[Dataset records]
---

(* Let $n,m$ be positive integers and let $\Phi$ be an $m\times n$ random matrix whose entries are independent and each equal to $+1/\sqrt{m}$ or $-1/\sqrt{m}$ with probability $1/2$ each. For a nonzero $x\in\mathbb{R}^n$ define the distortion $$E(x) = \frac{\|\Phi x\|_2^2}{\|x\|_2^2} - 1 .$$ Then: (a) For every positive integer $q$, the moment $\mathbf{E}\,E(x)^q$ depends on $x$ only through $(x_1^2,\ldots,x_n^2)$, the quantity $\|x\|_2^{2q}\,\mathbf{E}\,E(x)^q$ is a polynomial in $(x_1^2,\ldots,x_n^2)$, and $\mathbf{E}\,E(x)^q$ is a Schur-concave function of $(x_1^2,\ldots,x_n^2)$. (b) Let $K=\|x\|_0$ be the number of nonzero coordinates of $x$, let $B\sim\mathsf{Binom}(K,1/2)$, and let $Z_1,\ldots,Z_m$ be i.i.d. copies of the standardized variable $\frac{B-\mathbf{E}B}{\sqrt{\mathbf{Var}[B]}}$. Define $$E_* = \frac{1}{m}\sum_{i=1}^m (Z_i^2-1).$$ Then for every integer $q\ge 2$, $$\mathbf{E}\,E(x)^q \le \mathbf{E}\,E_*^q,$$ with equality when all components of $x$ are equal.
   Context: A function $f:D\to\mathbb{R}$ on a symmetric domain $D\subseteq\mathbb{R}^n$ is Schur-concave if $f(a)\ge f(b)$ whenever $a$ is majorized by $b$ (i.e. $a\prec b$: the sum of the $k$ largest entries of $a$ is at most that of $b$ for every $k$, with equal total sums). $\|x\|_0$ denotes the number of nonzero coordinates of $x$. *)

theory Defs
  imports "HOL-Probability.Probability"
begin
lemma aut_of_column_automorphisms:
  assumes g: "Vector_Spaces.linear scalev scalev g" "g ` vecs ma = vecs ma" "inj_on g (vecs ma)"
    and h: "Vector_Spaces.linear scalev scalev h" "h ` vecs mb = vecs mb" "inj_on h (vecs mb)"
  shows "\<exists>\<phi>\<in>aut_group (na * nb) KC. \<forall>x. syndrome (\<phi> x) = mat_sandwich g h (syndrome x)"
proof -
  obtain \<pi> \<alpha> where \<pi>: "\<forall>s<na. \<pi> s < na \<and> \<alpha> s \<noteq> 0 \<and> g (a s) = scalev (\<alpha> s) (a (\<pi> s))" "inj_on \<pi> {..<na}"
    using A.automorphism_permutes_cols[OF g] by blast
  obtain \<pi>' \<beta> where \<pi>': "\<forall>s<nb. \<pi>' s < nb \<and> \<beta> s \<noteq> 0 \<and> h (b s) = scalev (\<beta> s) (b (\<pi>' s))" "inj_on \<pi>' {..<nb}"
    using B.automorphism_permutes_cols[OF h] by blast
  obtain M where M: "monomial_mat (na * nb) M" and syn: "\<And>x. syndrome (vecmat (na * nb) M x) = (\<lambda>t t'.
      \<Sum>i<na * nb. x i * (\<alpha> (i div nb) * a (\<pi> (i div nb)) t) * (\<beta> (i mod nb) * b (\<pi>' (i mod nb)) t'))"
    using kron_monomial[of \<pi> \<pi>' \<alpha> \<beta>] \<pi> \<pi>' by auto
  have syn_gh: "syndrome (vecmat (na * nb) M x) = mat_sandwich g h (syndrome x)" for x
  proof (intro ext)
    fix t t'
    have "syndrome (vecmat (na * nb) M x) t t' = (\<Sum>i<na * nb. x i * g (a (i div nb)) t * h (b (i mod nb)) t')"
      unfolding syn
    proof (rule sum.cong[OF refl])
      fix i assume "i \<in> {..<na * nb}"
      then have "i div nb < na" "i mod nb < nb" using pair_index_split by auto
      then show "x i * (\<alpha> (i div nb) * a (\<pi> (i div nb)) t) * (\<beta> (i mod nb) * b (\<pi>' (i mod nb)) t')
          = x i * g (a (i div nb)) t * h (b (i mod nb)) t'"
        using \<pi>(1) \<pi>'(1) by (simp add: scalev_apply)
    qed
    then show "syndrome (vecmat (na * nb) M x) t t' = mat_sandwich g h (syndrome x) t t'"
      using syndrome_linear_image[OF g(1) h(1)] by simp
  qed
  have "vecmat (na * nb) M c \<in> KC" if "c \<in> KC" for c
  proof -
    have "syndrome c = 0" using that by (simp add: KC_iff)
    then have "syndrome (vecmat (na * nb) M c) = 0"
      by (simp add: syn_gh mat_sandwich_zero[OF g(1) h(1)])
    then show ?thesis by (simp add: KC_iff vecmat_vecs)
  qed
  then have "vecmat (na * nb) M \<in> aut_group (na * nb) KC"
    using M by (intro aut_group.mono) auto
  then show ?thesis using syn_gh by blast
qed

section \<open>Complete transitivity\<close>

text \<open>Two minimal representatives of equal weight are matched term by term: a linear automorphism
  \<open>g\<close> carries the columns \<open>a\<close> of the first onto those of the second and \<open>h\<close> does the same for
  the columns \<open>b\<close>, absorbing the coefficients.\<close>
lemma transport_minimal_rep:
  assumes w: "w \<in> vecs (na * nb)" and w': "w' \<in> vecs (na * nb)" and \<beta>: "bij_betw \<beta> (supp w) (supp w')"
    and g: "Vector_Spaces.linear scalev scalev g" "\<forall>p\<in>supp w. g (a (p div nb)) = a (\<beta> p div nb)"
    and h: "Vector_Spaces.linear scalev scalev h"
      "\<forall>p\<in>supp w. h (b (p mod nb)) = scalev (w' (\<beta> p) / w p) (b (\<beta> p mod nb))"
  shows "mat_sandwich g h (syndrome w) = syndrome w'"
proof (intro ext)
  fix t t'
  have "mat_sandwich g h (syndrome w) t t' = (\<Sum>i<na * nb. w i * (g (a (i div nb)) t * h (b (i mod nb)) t'))"
    using syndrome_linear_image[OF g(1) h(1)] by (simp add: mult.assoc)
  also have "\<dots> = (\<Sum>p\<in>supp w. w p * (g (a (p div nb)) t * h (b (p mod nb)) t'))"
    by (rule sum_supp[OF w])
  also have "\<dots> = (\<Sum>p\<in>supp w. w' (\<beta> p) * (a (\<beta> p div nb) t * b (\<beta> p mod nb) t'))"
    using g(2) h(2) by (intro sum.cong) (auto simp: supp_def scalev_apply)
  also have "\<dots> = (\<Sum>p'\<in>supp w'. w' p' * (a (p' div nb) t * b (p' mod nb) t'))"
    by (rule sum.reindex_bij_betw[OF \<beta>])
  also have "\<dots> = syndrome w' t t'"
    unfolding syndrome_def mult.assoc by (rule sum_supp[OF w', symmetric])
  finally show "mat_sandwich g h (syndrome w) t t' = syndrome w' t t'" .
qed
lemma continuous_on_finite_dependence:
  fixes h :: "(nat \<Rightarrow> bool) \<Rightarrow> bool"
  assumes dep: "\<And>\<omega> \<omega>'. (\<forall>j<M. \<omega> j = \<omega>' j) \<Longrightarrow> h \<omega> = h \<omega>'"
  shows "continuous_on UNIV h"
  unfolding continuous_on_open_invariant
proof (intro allI impI)
  fix B :: "bool set"
  have "open (h -` B)"
    unfolding open_subopen[of "h -` B"]
  proof
    fix \<omega> assume \<omega>: "\<omega> \<in> h -` B"
    define C where "C = {\<omega>'. \<forall>j\<in>{..<M}. \<omega>' (id j) \<in> {\<omega> j}}"
    have "open C" unfolding C_def by (rule product_topology_basis') (auto intro: open_discrete)
    moreover have "\<omega> \<in> C" by (simp add: C_def)
    moreover have "C \<subseteq> h -` B" using \<omega> dep by (auto simp: C_def)
    ultimately show "\<exists>T. open T \<and> \<omega> \<in> T \<and> T \<subseteq> h -` B" by blast
  qed
  then show "\<exists>A. open A \<and> A \<inter> UNIV = h -` B \<inter> UNIV" by auto
qed
lemma watson_value_rec:
  "watson_rec p (p ^ N) (watson_value p N) (watson_value p (N + 1))
     (watson_value p (N + 2)) (watson_value p (N + 3)) = 0"
proof -
  define u where "u = p ^ N"
  have powers: "p ^ (N + 1) = p * u" "p ^ (N + 2) = p^2 * u" "p ^ (N + 3) = p^3 * u"
    by (simp_all add: u_def power_add mult.commute power2_eq_square power3_eq_cube)
  show ?thesis
  proof (cases "even N")
    case True
    have step: "(1 - p^2 * u)^2 * watson_value p (N + 2) = p * (1 - p * u)^2 * watson_value p N"
      using watson_value_step[of N] unfolding powers .
    have "(1 - p^2 * u)^2 * watson_rec p u (watson_value p N) 0 (watson_value p (N + 2)) 0 = 0"
      unfolding watson_rec_def using step by algebra
    moreover have "1 - p^2 * u \<noteq> 0"
      using one_minus_power_nonzero[of "N + 2"] unfolding powers by simp
    moreover have "watson_value p (N + 1) = 0" "watson_value p (N + 3) = 0"
      using True by (simp_all add: watson_value_def)
    ultimately show ?thesis by (simp add: u_def)
  next
    case False
    have step: "(1 - p^3 * u)^2 * watson_value p (N + 3) = p * (1 - p^2 * u)^2 * watson_value p (N + 1)"
    proof -
      have "N + 1 + 2 = N + 3" "N + 1 + 1 = N + 2" by simp_all
      then show ?thesis using watson_value_step[of "N + 1"] by (simp only: powers)
    qed
    have "(1 - p^3 * u)^2 * watson_rec p u 0 (watson_value p (N + 1)) 0 (watson_value p (N + 3)) = 0"
      unfolding watson_rec_def using step by algebra
    moreover have "1 - p^3 * u \<noteq> 0"
      using one_minus_power_nonzero[of "N + 3"] unfolding powers by simp
    moreover have "watson_value p N = 0" "watson_value p (N + 2) = 0"
      using False by (simp_all add: watson_value_def)
    ultimately show ?thesis by (simp add: u_def)
  qed
qed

---

▶ _Exercise aim_
Reproduce exactly the stretch of lines that starts at the one containing "then show ?thesis using watson_value_step[of" and ends with the final line of the data, including both ends and nothing more.

▶ _Exercise output_
      then show ?thesis using watson_value_step[of "N + 1"] by (simp only: powers)
    qed
    have "(1 - p^3 * u)^2 * watson_rec p u 0 (watson_value p (N + 1)) 0 (watson_value p (N + 3)) = 0"
      unfolding watson_rec_def using step by algebra
    moreover have "1 - p^3 * u \<noteq> 0"
      using one_minus_power_nonzero[of "N + 3"] unfolding powers by simp
    moreover have "watson_value p N = 0" "watson_value p (N + 2) = 0"
      using False by (simp_all add: watson_value_def)
    ultimately show ?thesis by (simp add: u_def)
  qed
qed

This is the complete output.